— Уж сделайте милость, - чужими для себя словами ответила Рената.

— Хорошо бы это, - Буров постучал толстым пальцем по стеклопластику капсулы гибернации, - было для неё посложнее изолятора или переборки в арсенал. В третий раз этот трюк выйдет ей боком. Это я вам гарантирую.

Когда реаниматор оповестил, что в крови пациента больше не осталось снотворных, Рената уже не находила себе места. Она быстренько легла на ту самую кушетку, сложила руки на груди и посмотрела на Бурова.

— Всё будет хорошо, - зачем-то пообещала она.

И, не дожидаясь ответа, провалилась.

Барьеры не упали. Их пришлось устранять, и это почему-то оказалось невероятно тяжело. Словно вручную, ржавой скрипящей лебёдкой Рената опустила заслоны между разумом собственным и нежевым сознанием Ординатора. В любое другое время это вымотало бы её. Но не сейчас. Силы плескались внутри шумным прибоем, и казалось, что их хватит не то что на барьеры - на всю эту планету хватит! Нужно просто увидеть цель, найти куда применить их… Найти ту самую точку опоры, чтобы перевернуть мир.

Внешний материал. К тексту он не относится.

lemma Cinf_powr_const: "Cinf {0<..} (\<lambda>x::real. x powr c)"
proof -
  have "Cinf {0<..} (\<lambda>x::real. d * x powr c)" for d
  proof (rule Cinf_real_coinduct[where X = "\<lambda>f. \<exists>c d. f = (\<lambda>x::real. d * x powr c)"])
    fix f :: "real \<Rightarrow> real" assume "\<exists>c d. f = (\<lambda>x. d * x powr c)"
    then obtain c d where f: "f = (\<lambda>x. d * x powr c)" by blast
    have "\<forall>x\<in>{0<..}. (f has_real_derivative (d * c) * x powr (c - 1)) (at x)"
      unfolding f by (auto intro!: derivative_eq_intros)
    moreover have "continuous_on {0<..} f" unfolding f by (intro continuous_intros) auto
    ultimately show "continuous_on {0<..} f \<and>
        (\<exists>g. (\<forall>x\<in>{0<..}. (f has_real_derivative g x) (at x)) \<and> (\<exists>c d. g = (\<lambda>x. d * x powr c)))"
      by (intro conjI exI[of _ "\<lambda>x. (d * c) * x powr (c - 1)"]) auto
  qed blast
  from this[of 1] show ?thesis by simp
qed

lemma Cinf_powr:
  "Cinf U f \<Longrightarrow> (\<And>x. x \<in> U \<Longrightarrow> f x > 0) \<Longrightarrow> Cinf U (\<lambda>x. f x powr c)"
  by (rule Cinf_compose[OF _ Cinf_powr_const]) auto

lemma Cinf_inverse:
  assumes "Cinf U f" "\<And>x. x \<in> U \<Longrightarrow> f x > 0"
  shows "Cinf U (\<lambda>x. inverse (f x))"
proof -
  have "Cinf {0<..} (inverse :: real \<Rightarrow> real)"
    by (rule Cinf_cong[OF _ Cinf_powr_const[of "-1"]]) (auto simp: powr_minus)
  from Cinf_compose[OF open_greaterThan this assms(1)] show ?thesis using assms(2) by auto
qed

lemmas Cinf_coordinates =
  Cinf_bounded_linear[OF bounded_linear_fst]
  Cinf_bounded_linear[OF bounded_linear_compose[OF bounded_linear_fst bounded_linear_snd]]
  Cinf_bounded_linear[OF bounded_linear_compose[OF bounded_linear_vec_nth bounded_linear_snd]]
  Cinf_bounded_linear[OF bounded_linear_compose[OF bounded_linear_vec_nth
    bounded_linear_compose[OF bounded_linear_snd bounded_linear_snd]]]

definition exp_flat :: "real \<Rightarrow> real" where
  "exp_flat y = (if y > 0 then exp (- 1 / y) else 0)"

lemma poly_inverse_times_exp_flat_tendsto_0:
  "((\<lambda>t. poly P (1 / t) * exp (- 1 / t)) \<longlongrightarrow> 0) (at_right (0::real))"
proof -
  have "((\<lambda>y. \<Sum>i\<le>degree P. coeff P i * (y ^ i / exp y)) \<longlongrightarrow> 0) at_top"
    by (intro tendsto_null_sum tendsto_mult_right_zero tendsto_power_div_exp_0)
  moreover have "(\<Sum>i\<le>degree P. coeff P i * (y ^ i / exp y)) = poly P y / exp y" for y
    by (simp add: poly_altdef sum_divide_distrib)
  ultimately have "((\<lambda>y. poly P y / exp y) \<longlongrightarrow> 0) at_top" by simp
  from filterlim_compose[OF this filterlim_inverse_at_top_right]
  show ?thesis by (simp add: inverse_eq_divide exp_minus)
qed

text \<open>All derivatives of \<open>exp_flat\<close> have the form \<open>p(1/y) exp(-1/y)\<close> on \<open>y > 0\<close> (and vanish
  on \<open>y \<le> 0\<close>) for a polynomial \<open>p\<close>; this family is closed under differentiation.\<close>

lemma Cinf_exp_flat: "Cinf UNIV exp_flat"
proof -
  define G where "G P = (\<lambda>y::real. if y > 0 then poly P (1 / y) * exp (- 1 / y) else 0)" for P
  have "Cinf UNIV (G P)" for P
  proof (rule Cinf_real_coinduct[where X = "\<lambda>f. \<exists>P. f = G P"])
    fix f assume "\<exists>P. f = G P"
    then obtain P where f: "f = G P" by blast
    define Q where "Q = monom 1 2 * (P - pderiv P)"
    have D: "(G P has_real_derivative G Q y) (at y)" for y
    proof (cases y "0 :: real" rule: linorder_cases)
      case greater
      have "((\<lambda>y. poly P (1 / y) * exp (- 1 / y)) has_real_derivative
          poly P (1 / y) * (exp (- 1 / y) * (1 / y^2)) + poly (pderiv P) (1 / y) * (- 1 / y^2) * exp (- 1 / y))
          (at y)"
        using greater
        by (intro DERIV_mult' DERIV_chain2[OF poly_DERIV])
          (auto intro!: derivative_eq_intros simp: power2_eq_square)
      also have "poly P (1 / y) * (exp (- 1 / y) * (1 / y^2)) +
          poly (pderiv P) (1 / y) * (- 1 / y^2) * exp (- 1 / y) = G Q y"
        using greater by (simp add: G_def Q_def poly_monom field_simps)
      finally show ?thesis
        by (rule has_field_derivative_transform_within_open[where S = "{0<..}"])
          (use greater in \<open>auto simp: G_def\<close>)
    next
      case less
      have "((\<lambda>y. 0) has_real_derivative G Q y) (at y)" using less by (simp add: G_def)
      then show ?thesis
        by (rule has_field_derivative_transform_within_open[where S = "{..<0}"])
          (use less in \<open>auto simp: G_def\<close>)
    next
      case equal
      have "((\<lambda>t. (G P t - G P 0) / (t - 0)) \<longlongrightarrow> 0) (at (0::real))"
        unfolding filterlim_at_split
      proof
        show "((\<lambda>t. (G P t - G P 0) / (t - 0)) \<longlongrightarrow> 0) (at_left (0::real))"
          by (rule Lim_transform_eventually[OF tendsto_const])
            (auto simp: G_def eventually_at_left_field intro: exI[of _ "-1"])
        show "((\<lambda>t. (G P t - G P 0) / (t - 0)) \<longlongrightarrow> 0) (at_right (0::real))"
          by (rule Lim_transform_eventually[OF poly_inverse_times_exp_flat_tendsto_0[of "P * [:0, 1:]"]])
            (auto simp: G_def eventually_at_right_field intro: exI[of _ 1])
      qed
      then show ?thesis unfolding equal has_field_derivative_iff by (simp add: G_def)
    qed
    have "continuous_on UNIV f" unfolding f
      by (rule continuous_at_imp_continuous_on) (use D DERIV_isCont in blast)
    then show "continuous_on UNIV f \<and> (\<exists>g. (\<forall>x\<in>UNIV. (f has_real_derivative g x) (at x)) \<and> (\<exists>P. g = G P))"
      using D unfolding f by blast
  qed blast
  moreover have "G 1 = exp_flat" by (rule ext) (simp add: G_def exp_flat_def)
  ultimately show ?thesis by metis
qed

definition regularized_id :: "real \<Rightarrow> real" where
  "regularized_id r = r + (2 - r) * exp_flat (1 - r)"

lemma Cinf_regularized_id: "Cinf UNIV regularized_id"
proof -
  have affine: "Cinf UNIV (\<lambda>r::real. c - r)" for c
    using Cinf_add[OF Cinf_const Cinf_bounded_linear[OF bounded_linear_minus[OF bounded_linear_ident]]]
    by simp
  show ?thesis unfolding regularized_id_def[abs_def]
    by (intro Cinf_add Cinf_mult Cinf_bounded_linear[OF bounded_linear_ident] affine
        Cinf_compose[OF _ Cinf_exp_flat]) auto
qed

Шар теперь был невесомым, но всё таким же холодным. И на пол - серый песок! - постоянно сыпались искры, словно от сварки по металлу. Ординатор был чем-то недоволен, если это понятие вообще применимо к нему. Ну и шут с ним, как сказал бы Рома!

Туман скрывал от Ренаты холодные прямоугольники домов. Ничего не менялось в этом городе, уже таком знакомом и не страшном. Разве что свет лился только из одного окна, и к нему же тянулись фиолетовые вены - те самые молнии вдруг застыли, словно пойманные в ловушку фотоснимка.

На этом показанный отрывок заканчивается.